Ghosts can heal - but lose permanent hp and have to blaze of glory. Both feel to me like last chances, holding on beyond death.
 

To be fair, the concept of damage in Daggerheart is unambiguous as it always is separate from marking hit points. You take damage, compare it to your thresholds, and only then do you mark hit points (or armour slots). With that pervasive parlance in mind, there’s not quite as much confusion as one might think.
Sure, but this game is usually pretty good about explaining new concepts in ways that are zero-confusion, and I think adding a couple of words is better than relying on 5E-esque "precise wording interpretation", which 5E demonstrated at great length does not work well for a lot of people, especially newer or less experienced TTRPGers.

Vampire my main objection is that I want to bite with finesse or presence not strength. Am suggesting the stat should be open.
For sure agree. I also think they should be able to melee for 1d8 w/o biting but that's just reflavouring so a non-issue.
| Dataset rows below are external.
(* Let $R_{\rm d}$ and $R_{\rm o}$ be real skew-symmetric $n\times n$ matrices such that $R\equiv\sigma^0\otimes R_{\rm d}+\sigma^x\otimes R_{\rm o}=\begin{bmatrix}R_{\rm d}&R_{\rm o}\\R_{\rm o}&R_{\rm d}\end{bmatrix}$ is unitary and $\mathrm{Pf}\,R=-1$. Then $\det R_{\rm d}=0$.
   Context: $\sigma^0$ is the $2\times2$ identity, $\sigma^x=\begin{bmatrix}0&1\\1&0\end{bmatrix}$, and $\mathrm{Pf}$ denotes the Pfaffian. *)

theory Defs
  imports "Jordan_Normal_Form.Determinant"
begin

definition pfaffian :: "real mat \<Rightarrow> real" where
  "pfaffian A = (let m = dim_row A div 2 in
     (\<Sum> p \<in> {p. p permutes {0 ..< 2 * m}}.
        signof p * (\<Prod> i = 0 ..< m. A $$ (p (2 * i), p (2 * i + 1))))
     / (2 ^ m * fact m))"

definition skew_symmetric :: "real mat \<Rightarrow> bool" where
  "skew_symmetric A \<longleftrightarrow> transpose_mat A = - A"

text \<open>For real matrices, unitary means R R^* = 1 with R^* = R^T (conjugation is trivial).\<close>
definition unitary_real :: "real mat \<Rightarrow> bool" where
  "unitary_real R \<longleftrightarrow> (\<exists>k. R \<in> carrier_mat k k \<and> R * transpose_mat R = 1\<^sub>m k)"

end

theory Submission
  imports Defs
begin

text \<open>Suppose \<open>det Rd \<noteq> 0\<close>. Then \<open>n = 2k\<close> is even and \<open>Pf Rd \<noteq> 0\<close>. Conjugating
  \<open>R\<close> by \<open>diag(1, -1)\<close> gives a second orthogonal skew-symmetric matrix
  \<open>E = [[Rd, -Ro], [-Ro, Rd]]\<close>, and \<open>R + E = diag(2 Rd, 2 Rd)\<close> has Pfaffian
  \<open>(2^k Pf Rd)^2 > 0\<close>. On the other hand, for orthogonal \<open>P\<close> and \<open>Q\<close> the matrices
  \<open>P + t Q\<close>, \<open>0 \<le> t < 1\<close>, are nonsingular because \<open>|P v| = |v| > |t Q v|\<close> for
  \<open>v \<noteq> 0\<close>; when \<open>P\<close> and \<open>Q\<close> are skew-symmetric their Pfaffians therefore never
  vanish, and by continuity \<open>Pf P\<close> and \<open>Pf (P + Q)\<close> cannot have opposite signs. For
  \<open>P = R\<close>, \<open>Pf R = -1\<close> contradicts this.

  That a nonsingular skew-symmetric matrix has nonzero Pfaffian follows from the congruence
  formula \<open>Pf (M A M\<^sup>T) = det M Pf A\<close>: the congruence of the standard symplectic form by
  \<open>[[S, 1], [S, -1]]\<close> is \<open>diag(2 S, -2 S)\<close>, which gives \<open>Pf S ^ 2 = \<plusminus> det S\<close>.\<close>

section \<open>Pfaffians of index functions\<close>

definition pfaffian_sum :: "nat \<Rightarrow> (nat \<Rightarrow> nat \<Rightarrow> real) \<Rightarrow> real" where
  "pfaffian_sum m a = (\<Sum>p \<in> {p. p permutes {0..<2 * m}}.
     signof p * (\<Prod>i = 0..<m. a (p (2 * i)) (p (2 * i + 1))))"

lemma pfaffian_eq_pfaffian_sum:
  assumes "A \<in> carrier_mat (2 * m) (2 * m)"
  shows "pfaffian A = pfaffian_sum m (\<lambda>i j. A $$ (i, j)) / (2 ^ m * fact m)"
  using assms unfolding pfaffian_def pfaffian_sum_def Let_def by simp

lemma pfaffian_sum_cong:
  assumes "\<And>i j. i < 2 * m \<Longrightarrow> j < 2 * m \<Longrightarrow> a i j = b i j"
  shows "pfaffian_sum m a = pfaffian_sum m b"
  unfolding pfaffian_sum_def
proof (intro sum.cong refl arg_cong[where f = "\<lambda>x. _ * x"] prod.cong)
  fix p i assume "p \<in> {p. p permutes {0..<2 * m}}" and "i \<in> {0..<m}"
  then have "p (2 * i) < 2 * m" "p (2 * i + 1) < 2 * m"
    using permutes_in_image[of p "{0..<2 * m}"] by auto
  then show "a (p (2 * i)) (p (2 * i + 1)) = b (p (2 * i)) (p (2 * i + 1))"
    using assms by blast
qed

lemma pfaffian_sum_scale: "pfaffian_sum m (\<lambda>i j. c * a i j) = c ^ m * pfaffian_sum m a"
  unfolding pfaffian_sum_def sum_distrib_left prod.distrib by (simp add: ac_simps)

lemma pfaffian_sum_0: "pfaffian_sum 0 a = 1"
  unfolding pfaffian_sum_def by simp

lemma pfaffian_sum_permute:
  assumes pp: "pp permutes {0..<2 * m}"
  shows "pfaffian_sum m (\<lambda>i j. a (pp i) (pp j)) = signof pp * pfaffian_sum m a"
proof -
  have "pfaffian_sum m a = (\<Sum>p \<in> {p. p permutes {0..<2 * m}}.
      signof (pp \<circ> p) * (\<Prod>i = 0..<m. a ((pp \<circ> p) (2 * i)) ((pp \<circ> p) (2 * i + 1))))"
    unfolding pfaffian_sum_def by (rule setum_permutations_compose_left[OF pp])
  also have "\<dots> = signof pp * pfaffian_sum m (\<lambda>i j. a (pp i) (pp j))"
    unfolding pfaffian_sum_def sum_distrib_left
    by (intro sum.cong refl) (simp add: signof_compose[OF pp])
  finally have a: "pfaffian_sum m a = signof pp * pfaffian_sum m (\<lambda>i j. a (pp i) (pp j))" .
  have "signof pp * signof pp = (1 :: real)"
    using signof_pm_one[of pp, where 'a = real] by auto
  then have "pfaffian_sum m (\<lambda>i j. a (pp i) (pp j)) =
      (signof pp * signof pp) * pfaffian_sum m (\<lambda>i j. a (pp i) (pp j))"
    by (simp only: mult_1)
  also have "\<dots> = signof pp * pfaffian_sum m a"
    unfolding a by (simp only: mult.assoc)
  finally show ?thesis .
qed

lemma sum_permutes_Suc:
  "(\<Sum>p \<in> {p. p permutes {0..<Suc n}}. h p) =
     (\<Sum>j = 0..<Suc n. \<Sum>q \<in> {q. q permutes {0..<n}}. h (permutation_insert n j q))"
proof -
  let ?N = "{0..<Suc n}"
  let ?P = "\<lambda>j. {p. p permutes ?N \<and> p n = j}"
  have "{p. p permutes ?N} = (\<Union>j \<in> ?N. ?P j)"
    using permutes_in_image[of _ ?N n] by auto
  then have "(\<Sum>p \<in> {p. p permutes ?N}. h p) = (\<Sum>j \<in> ?N. \<Sum>p \<in> ?P j. h p)"
    using finite_permutations[of ?N] by (simp only:) (rule sum.UNION_disjoint; auto)
  also have "\<dots> = (\<Sum>j \<in> ?N. \<Sum>q \<in> {q. q permutes {0..<n}}. h (permutation_insert n j q))"
  proof (rule sum.cong [OF refl])
    fix j assume j: "j \<in> ?N"
    then have "(\<Sum>p \<in> ?P j. h p) = sum h (permutation_insert n j ` {q. q permutes {0..<n}})"
      by (simp add: permutation_fix)
    also have "\<dots> = (\<Sum>q \<in> {q. q permutes {0..<n}}. h (permutation_insert n j q))"
      using j by (subst sum.reindex) (auto intro: permutation_insert_inj_on)
    finally show "(\<Sum>p \<in> ?P j. h p) = \<dots>" .
  qed
  finally show ?thesis .
qed

definition minor_index :: "nat \<Rightarrow> nat \<Rightarrow> nat \<Rightarrow> nat" where
  "minor_index y x r = insert_index y (insert_index x r)"

definition minor :: "(nat \<Rightarrow> nat \<Rightarrow> 'a) \<Rightarrow> nat \<Rightarrow> nat \<Rightarrow> nat \<Rightarrow> nat \<Rightarrow> 'a" where
  "minor a y x r c = a (minor_index y x r) (minor_index y x c)"

lemma signof_permutation_insert_twice:
  assumes "q permutes {0..<n}" "x < Suc n" "y < Suc (Suc n)"
  shows "signof (permutation_insert (Suc n) y (permutation_insert n x q)) =
    (-1 :: real) ^ (y + x + 1) * signof q"
proof -
  have "permutation_insert n x q permutes {0..<Suc n}"
    using assms by (intro permutation_insert_permutes) auto
  then have "signof (permutation_insert (Suc n) y (permutation_insert n x q)) =
      (-1 :: real) ^ (Suc n + y) * ((-1) ^ (n + x) * signof q)"
    using assms by (simp add: signof_permutation_insert)
  also have "\<dots> = (-1) ^ (Suc n + y + (n + x)) * signof q"
    by (simp only: power_add mult.assoc)
  also have "Suc n + y + (n + x) = 2 * n + (y + x + 1)"
    by simp
  finally show ?thesis by (simp add: power_add power_mult)
qed

lemma permutation_insert_below: "i < n \<Longrightarrow> permutation_insert n j q i = insert_index j (q i)"
  unfolding permutation_insert_expand insert_index_def by auto

lemma signof_prod_permutation_insert_twice:
  fixes a :: "nat \<Rightarrow> nat \<Rightarrow> real"
  assumes q: "q permutes {0..<2 * m}" and x: "x < 2 * m + 1" and y: "y < 2 * m + 2"
  defines "p \<equiv> permutation_insert (Suc (2 * m)) y (permutation_insert (2 * m) x q)"
  shows "signof p * (\<Prod>i = 0..<Suc m. a (p (2 * i)) (p (2 * i + 1))) =
    (-1) ^ (y + x + 1) * a (insert_index y x) y *
      (signof q * (\<Prod>i = 0..<m. minor a y x (q (2 * i)) (q (2 * i + 1))))"
proof -
  have "p i = minor_index y x (q i)" if "i < 2 * m" for i
    using that by (simp add: p_def permutation_insert_below minor_index_def)
  then have "(\<Prod>i = 0..<m. a (p (2 * i)) (p (2 * i + 1))) =
      (\<Prod>i = 0..<m. minor a y x (q (2 * i)) (q (2 * i + 1)))"
    by (intro prod.cong) (auto simp: minor_def)
  moreover have "p (2 * m) = insert_index y x" "p (2 * m + 1) = y"
    by (simp_all add: p_def permutation_insert_below)
  moreover have "signof p = (-1 :: real) ^ (y + x + 1) * signof q"
    unfolding p_def using signof_permutation_insert_twice[OF q, of x y] x y by simp
  moreover have "(\<Prod>i = 0..<Suc m. a (p (2 * i)) (p (2 * i + 1))) =
      (\<Prod>i = 0..<m. a (p (2 * i)) (p (2 * i + 1))) * a (p (2 * m)) (p (2 * m + 1))"
    by simp
  ultimately show ?thesis
    by simp
qed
For a strength build druid, maybe - but it stacks and there are reasons the druid is considered the strongest class in the game. "Isn't much more powerful than the strongest feature in the game and stacks with any melee builds" is not minor
It's not minor, but I didn't say it was - I said "less good than it sounds like", which I still think is true. Having zero Hope gain and in fact instead taking Stress damage (which potentially leads directly to HP damage and is a huge resource for many classes/domains) when you would gain it is a really serious issue, one I'd say would wildly outweigh +1d10 to attack/damage in most situations. It wouldn't be bad to pull it out when you're on low Stress anyway just to trigger the explosion though.

I'm making Reanimated and Ghost tie to death moves as cling to life options.
Yeah seems reasonable, perhaps for when someone fails a Risk It All check but then regrets it.